Kunguma Poovum Konjum Puravum is a 2009 Indian Tamil-language drama film written and directed by debutante Rajamohan. The film stars newcomers Ramakrishnan and Thananya, while Tharun Chatriya, Nagamma, and Agavamma play supporting roles. The film is produced by SPB Charan under his banner Capital Film Works and has music by Yuvan Shankar Raja. The film released on 24 April 2009.

Plot

Thulasi (Thananya) comes to Muttam village along with her grandmother (Nagamma) after her parents desert her. She joins a government school in the village to pursue her studies. Enters Koochan (Ramakrishnan), who instantly falls for her. Koochan's mother Chandra (Agavamma) helps the poor Thulasi to pursue her studies. However, coming to know about their romance, Agavamma insults Thulasi and her grandmother and drives them out of the village when Koochan is out on a school tour. A shocked Koochan returns only to meet with a road mishap. Meanwhile, Thulasi, who seeks refuge in a family at Tuticorin, is forced to marry a rowdy named Dharman (Tharun Chatriya). On the day of their marriage, Dharman gets arrested by the police. His wayward lifestyle invites trouble, and he eventually gets arrested for murdering a youth. An annoyed Thulasi returns to Muttam, only to see that Koochan has lost himself in liquor after his love failure. Meanwhile, Koochan resolves to set Thulasi's life right by helping her grandmother in getting Dharman out in bail. Eventually, Dharman returns to Muttam but ends up murdering another person in his drunken state. Koochan takes the blame on himself and ends up getting beaten up by the village people and arrested by the police. When Thulasi tries chasing the jeep in order to confess her husband's mistake and release Koochan, she meets with an accident. The movie ends with both their dead bodies being buried together and Dharman being arrested for his crime.

Cast
Ramakrishnan as Koochan
Thanaya as Thulasi
Tharun Chatriya as Dharman
Nagamma as Thulasi's grandmother
Agavamma as Chandra (Koochan's mother)

Production

Development
Nearly one year after the stupendous success of his film Chennai 600028, in May 2008, SPB Charan decided to produce his next film. He then got to meet Rajamohan, an erstwhile assistant, who worked under prominent directors like A. Venkatesh, Rajakumaran, and Vijay Milton. Rajamohan told Charan the story of his film, which he titled as "Kunguma Poovum Konjum Puravum", impressed of which, Charan decided to produce that film. Rajamohan became a director, since he wanted to fulfill the wish of his brother, who wanted to become a director, but died in an accident, before his wish was satisfied.

Casting
Rajamohan first approached Atharvaa for the lead role, but the actor was keen to debut with another project. When looking out for the actor to play the hero's role, Rajamohan saw Ramakrishan one day walking on the road, who was an assistant director of Cheran, and felt he would be the right person for the role and gave him the role of the protagonist. Tharshana, who later changed her name to Thananya, a second year medical student hailing from Andhra Pradesh, was picked as the heroine to play the female lead after she was discovered by Charan and Rajamohan in a medical college. Though she was hesitant at first, she eventually agreed to take over the role of Thulasi, after Charan and Rajamohan explained her the importance and the scope of her role in the film and convinced her.
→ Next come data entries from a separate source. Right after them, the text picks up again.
(* Let $a_1,a_2\ge0$ and $D=D_{a_1,a_2}$. (a) For every horizontal grading $S_1:D_1\to\mathbb{Z}_{\ge0}$ there exist subsets $R\subset Sh\subset D_2$ such that: (i) a vertical grading $S_2:D_2\to\mathbb{Z}_{\ge0}$ forms a compatible pair with $S_1$ if and only if $S_2(v)=0$ for all $v\in Sh\setminus R$ and, for each $h\in\operatorname{supp}(S_1)$ and $v\in R$, at least one of the conditions (HGC), (VGC) holds for $h,v$; (ii) $|Sh|=\min(a_2,|S_1|)$. (b) For every vertical grading $S_2:D_2\to\mathbb{Z}_{\ge0}$ there exist subsets $R\subset Sh\subset D_1$ such that: (i) a horizontal grading $S_1:D_1\to\mathbb{Z}_{\ge0}$ forms a compatible pair with $S_2$ if and only if $S_1(h)=0$ for all $h\in Sh\setminus R$ and, for each $h\in R$ and $v\in\operatorname{supp}(S_2)$, at least one of the conditions (HGC), (VGC) holds for $h,v$; (ii) $|Sh|=\min(a_1,|S_2|)$.
   Context: Maximal Dyck path: $D=D_{a_1,a_2}$ is the lattice path of unit East and North steps from $(0,0)$ to $(a_1,a_2)$ staying weakly below the diagonal of $[0,a_1]\times[0,a_2]$ and closest to it. $D_1$ and $D_2$ are its sets of horizontal and vertical edges. Identify $(0,0)\equiv(a_1,a_2)$ so $D$ is a cyclic sequence of edges; for edges $e,e'$, $ee'$ is the subpath from $e$ to $e'$ inclusive following $D$ cyclically (wrapping through $(0,0)$ if necessary), $ee$ is $e$ alone, and $(ee')_1,(ee')_2$ are its horizontal and vertical edges. For gradings $S_1:D_1\to\mathbb{Z}_{\ge0}$, $S_2:D_2\to\mathbb{Z}_{\ge0}$, $h\in D_1$, $v\in D_2$: condition (HGC) holds for $h,v$ if there is an edge $e$ with $he$ a proper subpath of $hv$ and $|(he)_2|=\sum_{h'\in(he)_1}S_1(h')$; condition (VGC) holds if there is an edge $e$ with $ev$ a proper subpath of $hv$ and $|(ev)_1|=\sum_{v'\in(ev)_2}S_2(v')$. $(S_1,S_2)$ is a compatible pair if for every $h\in D_1$, $v\in D_2$ at least one of (HGC), (VGC) holds. $|S_i|$ is the sum of the values of $S_i$; $\operatorname{supp}$ denotes the set of edges with nonzero value. *)

theory Defs
  imports Main
begin

(* The maximal Dyck path D_{a1,a2} is encoded by the positions of its edges along the path:
   edge k (0 \<le> k < a1+a2) is the (k+1)-th step from (0,0).  The i-th horizontal edge
   (0-indexed, i < a1) runs from (i, floor(i*a2/a1)) to (i+1, floor(i*a2/a1)); it is preceded by
   i horizontal and floor(i*a2/a1) vertical edges, so its position is i + i*a2 div a1. *)

definition dyckH :: "nat \<Rightarrow> nat \<Rightarrow> nat set" where
  "dyckH a1 a2 = (\<lambda>i. i + i * a2 div a1) ` {..<a1}"

definition dyckV :: "nat \<Rightarrow> nat \<Rightarrow> nat set" where
  "dyckV a1 a2 = {..<a1 + a2} - dyckH a1 a2"

definition cyc :: "nat \<Rightarrow> nat \<Rightarrow> nat \<Rightarrow> nat set" where
  "cyc n i j = (if i \<le> j then {i..j} else {i..<n} \<union> {..j})"

definition HGC :: "nat \<Rightarrow> nat \<Rightarrow> (nat \<Rightarrow> nat) \<Rightarrow> nat \<Rightarrow> nat \<Rightarrow> bool" where
  "HGC a1 a2 S1 h v =
     (\<exists>e < a1 + a2. cyc (a1 + a2) h e \<subset> cyc (a1 + a2) h v \<and>
        card (cyc (a1 + a2) h e \<inter> dyckV a1 a2) = (\<Sum>h'\<in>cyc (a1 + a2) h e \<inter> dyckH a1 a2. S1 h'))"

definition VGC :: "nat \<Rightarrow> nat \<Rightarrow> (nat \<Rightarrow> nat) \<Rightarrow> nat \<Rightarrow> nat \<Rightarrow> bool" where
  "VGC a1 a2 S2 h v =
     (\<exists>e < a1 + a2. cyc (a1 + a2) e v \<subset> cyc (a1 + a2) h v \<and>
        card (cyc (a1 + a2) e v \<inter> dyckH a1 a2) = (\<Sum>v'\<in>cyc (a1 + a2) e v \<inter> dyckV a1 a2. S2 v'))"

(* gradings are functions nat \<Rightarrow> nat; only their values on dyckH resp. dyckV matter *)
definition compatible :: "nat \<Rightarrow> nat \<Rightarrow> (nat \<Rightarrow> nat) \<Rightarrow> (nat \<Rightarrow> nat) \<Rightarrow> bool" where
  "compatible a1 a2 S1 S2 =
     (\<forall>h\<in>dyckH a1 a2. \<forall>v\<in>dyckV a1 a2. HGC a1 a2 S1 h v \<or> VGC a1 a2 S2 h v)"

end

theory Submission
  imports Defs
begin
Apart from Ramakrishnan and Tharshana, another newcomer, Tharun Chatriya, and an older woman, who dons the role of Thulasi's grandmother, are said to be important characters in the film. Moreover, eight assistant directors and some "lightmen" do act in the film as well, who Rajamohan and Charan wanted to pay a tribute for their hard work and the effort they put in. Yuvan Shankar Raja, a regular of Charan's films, was assigned as the music director, as were the other crew members, who had also worked for Charan's previous venture Chennai 600028.

Filming
The shooting of the film started on 9 June 2008 in Nagercoil and was entirely shot in a small village called "Muttam" near Nagercoil and in surrounding areas.

Soundtrack

The soundtrack is composed by Yuvan Shankar Raja which featured 6 tracks with lyrics written by Vaali and Gangai Amaran. Father S. P. Balasubrahmanyam and son SPB Charan, the producers of the film, have each sung one of the films, as did composer Yuvan Shankar Raja himself and his cousin Venkat Prabhu. The songs and the film score have been recorded using a live orchestra and without any electronic instruments such as synthesizers so as to create a rural feel to the film's music. The album was released on 10 January 2009 in Chennai at SRM Valliammai Engineering College at Kattankulathur, Kanchipuram district. Prior to the audio release, the team of the film conducted a two-day event at the campus, where rural games were organized and 30 winners were chosen to attend the audio release of the film along with big stars from the film industry.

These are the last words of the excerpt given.